- Your task -
Word for word, transcribe the data below from the line with "define K where" to the line with "fix t assume", keeping both of those lines.

- Exercise materials -
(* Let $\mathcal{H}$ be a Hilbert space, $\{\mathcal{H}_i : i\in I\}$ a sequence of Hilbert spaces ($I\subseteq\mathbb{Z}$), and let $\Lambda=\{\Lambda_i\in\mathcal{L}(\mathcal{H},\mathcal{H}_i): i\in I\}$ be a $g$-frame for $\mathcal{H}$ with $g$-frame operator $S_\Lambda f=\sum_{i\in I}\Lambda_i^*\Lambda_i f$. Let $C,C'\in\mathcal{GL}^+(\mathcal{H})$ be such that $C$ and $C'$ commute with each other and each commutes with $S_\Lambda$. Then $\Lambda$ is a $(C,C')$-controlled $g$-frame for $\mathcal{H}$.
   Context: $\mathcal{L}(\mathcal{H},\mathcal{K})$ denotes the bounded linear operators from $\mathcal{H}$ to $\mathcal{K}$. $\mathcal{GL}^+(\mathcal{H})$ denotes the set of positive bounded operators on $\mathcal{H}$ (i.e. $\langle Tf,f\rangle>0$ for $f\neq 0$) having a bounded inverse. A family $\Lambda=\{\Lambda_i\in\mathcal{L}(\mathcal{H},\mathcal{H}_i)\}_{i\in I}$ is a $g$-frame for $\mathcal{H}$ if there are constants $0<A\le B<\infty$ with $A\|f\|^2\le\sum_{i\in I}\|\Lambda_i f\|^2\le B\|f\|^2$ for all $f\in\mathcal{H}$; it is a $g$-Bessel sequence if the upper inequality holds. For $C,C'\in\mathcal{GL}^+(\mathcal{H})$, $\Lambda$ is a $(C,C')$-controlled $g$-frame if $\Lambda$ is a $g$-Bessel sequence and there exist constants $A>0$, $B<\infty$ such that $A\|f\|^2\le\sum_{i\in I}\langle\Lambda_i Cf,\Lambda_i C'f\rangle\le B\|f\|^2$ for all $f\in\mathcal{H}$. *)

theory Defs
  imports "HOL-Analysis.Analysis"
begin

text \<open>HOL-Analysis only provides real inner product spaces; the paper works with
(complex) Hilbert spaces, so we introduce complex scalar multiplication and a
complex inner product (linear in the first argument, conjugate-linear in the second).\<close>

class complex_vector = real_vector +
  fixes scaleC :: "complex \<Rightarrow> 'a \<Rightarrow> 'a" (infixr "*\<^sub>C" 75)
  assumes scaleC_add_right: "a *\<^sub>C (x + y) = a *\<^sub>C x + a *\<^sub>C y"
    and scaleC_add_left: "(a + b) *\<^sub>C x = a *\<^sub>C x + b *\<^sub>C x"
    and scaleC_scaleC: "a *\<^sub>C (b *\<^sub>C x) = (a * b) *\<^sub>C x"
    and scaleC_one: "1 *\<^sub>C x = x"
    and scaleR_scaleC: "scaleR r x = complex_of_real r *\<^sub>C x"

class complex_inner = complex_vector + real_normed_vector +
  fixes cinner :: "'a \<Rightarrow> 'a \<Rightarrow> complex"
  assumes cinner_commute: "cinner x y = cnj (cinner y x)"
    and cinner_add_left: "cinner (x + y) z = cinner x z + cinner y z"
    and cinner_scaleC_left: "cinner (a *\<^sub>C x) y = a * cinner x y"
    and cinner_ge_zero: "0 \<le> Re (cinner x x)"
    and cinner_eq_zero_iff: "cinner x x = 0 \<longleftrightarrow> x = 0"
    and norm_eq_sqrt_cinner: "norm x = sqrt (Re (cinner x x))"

--

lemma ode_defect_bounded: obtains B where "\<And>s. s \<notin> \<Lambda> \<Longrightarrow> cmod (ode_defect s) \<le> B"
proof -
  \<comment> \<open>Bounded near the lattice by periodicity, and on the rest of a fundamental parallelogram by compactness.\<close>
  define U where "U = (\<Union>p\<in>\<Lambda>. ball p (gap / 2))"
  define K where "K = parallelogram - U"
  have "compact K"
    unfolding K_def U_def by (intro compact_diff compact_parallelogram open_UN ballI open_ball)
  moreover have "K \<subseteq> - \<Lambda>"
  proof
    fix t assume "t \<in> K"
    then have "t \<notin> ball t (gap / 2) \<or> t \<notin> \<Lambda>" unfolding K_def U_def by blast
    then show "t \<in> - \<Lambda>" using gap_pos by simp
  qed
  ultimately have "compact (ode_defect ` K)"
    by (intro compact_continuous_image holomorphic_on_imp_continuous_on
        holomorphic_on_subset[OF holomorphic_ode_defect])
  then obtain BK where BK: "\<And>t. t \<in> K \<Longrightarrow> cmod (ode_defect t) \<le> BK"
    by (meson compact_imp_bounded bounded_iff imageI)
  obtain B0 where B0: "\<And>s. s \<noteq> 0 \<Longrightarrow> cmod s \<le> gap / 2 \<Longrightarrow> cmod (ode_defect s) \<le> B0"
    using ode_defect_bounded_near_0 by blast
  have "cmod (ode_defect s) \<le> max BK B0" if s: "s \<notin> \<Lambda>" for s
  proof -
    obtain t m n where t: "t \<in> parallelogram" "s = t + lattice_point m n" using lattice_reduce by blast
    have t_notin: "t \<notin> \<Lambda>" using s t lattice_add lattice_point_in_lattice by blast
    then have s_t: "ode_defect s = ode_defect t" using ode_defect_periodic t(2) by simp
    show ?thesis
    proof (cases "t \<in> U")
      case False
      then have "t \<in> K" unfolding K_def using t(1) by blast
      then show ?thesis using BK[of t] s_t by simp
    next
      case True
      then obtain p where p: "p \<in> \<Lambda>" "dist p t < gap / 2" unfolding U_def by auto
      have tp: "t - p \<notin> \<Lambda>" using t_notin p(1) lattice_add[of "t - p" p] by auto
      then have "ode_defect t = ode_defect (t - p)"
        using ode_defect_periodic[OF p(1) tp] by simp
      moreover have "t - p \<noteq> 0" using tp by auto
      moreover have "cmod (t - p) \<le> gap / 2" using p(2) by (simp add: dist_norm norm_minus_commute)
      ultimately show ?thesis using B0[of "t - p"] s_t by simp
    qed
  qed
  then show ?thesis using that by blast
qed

- Response area -
  define K where "K = parallelogram - U"
  have "compact K"
    unfolding K_def U_def by (intro compact_diff compact_parallelogram open_UN ballI open_ball)
  moreover have "K \<subseteq> - \<Lambda>"
  proof
    fix t assume "t \<in> K"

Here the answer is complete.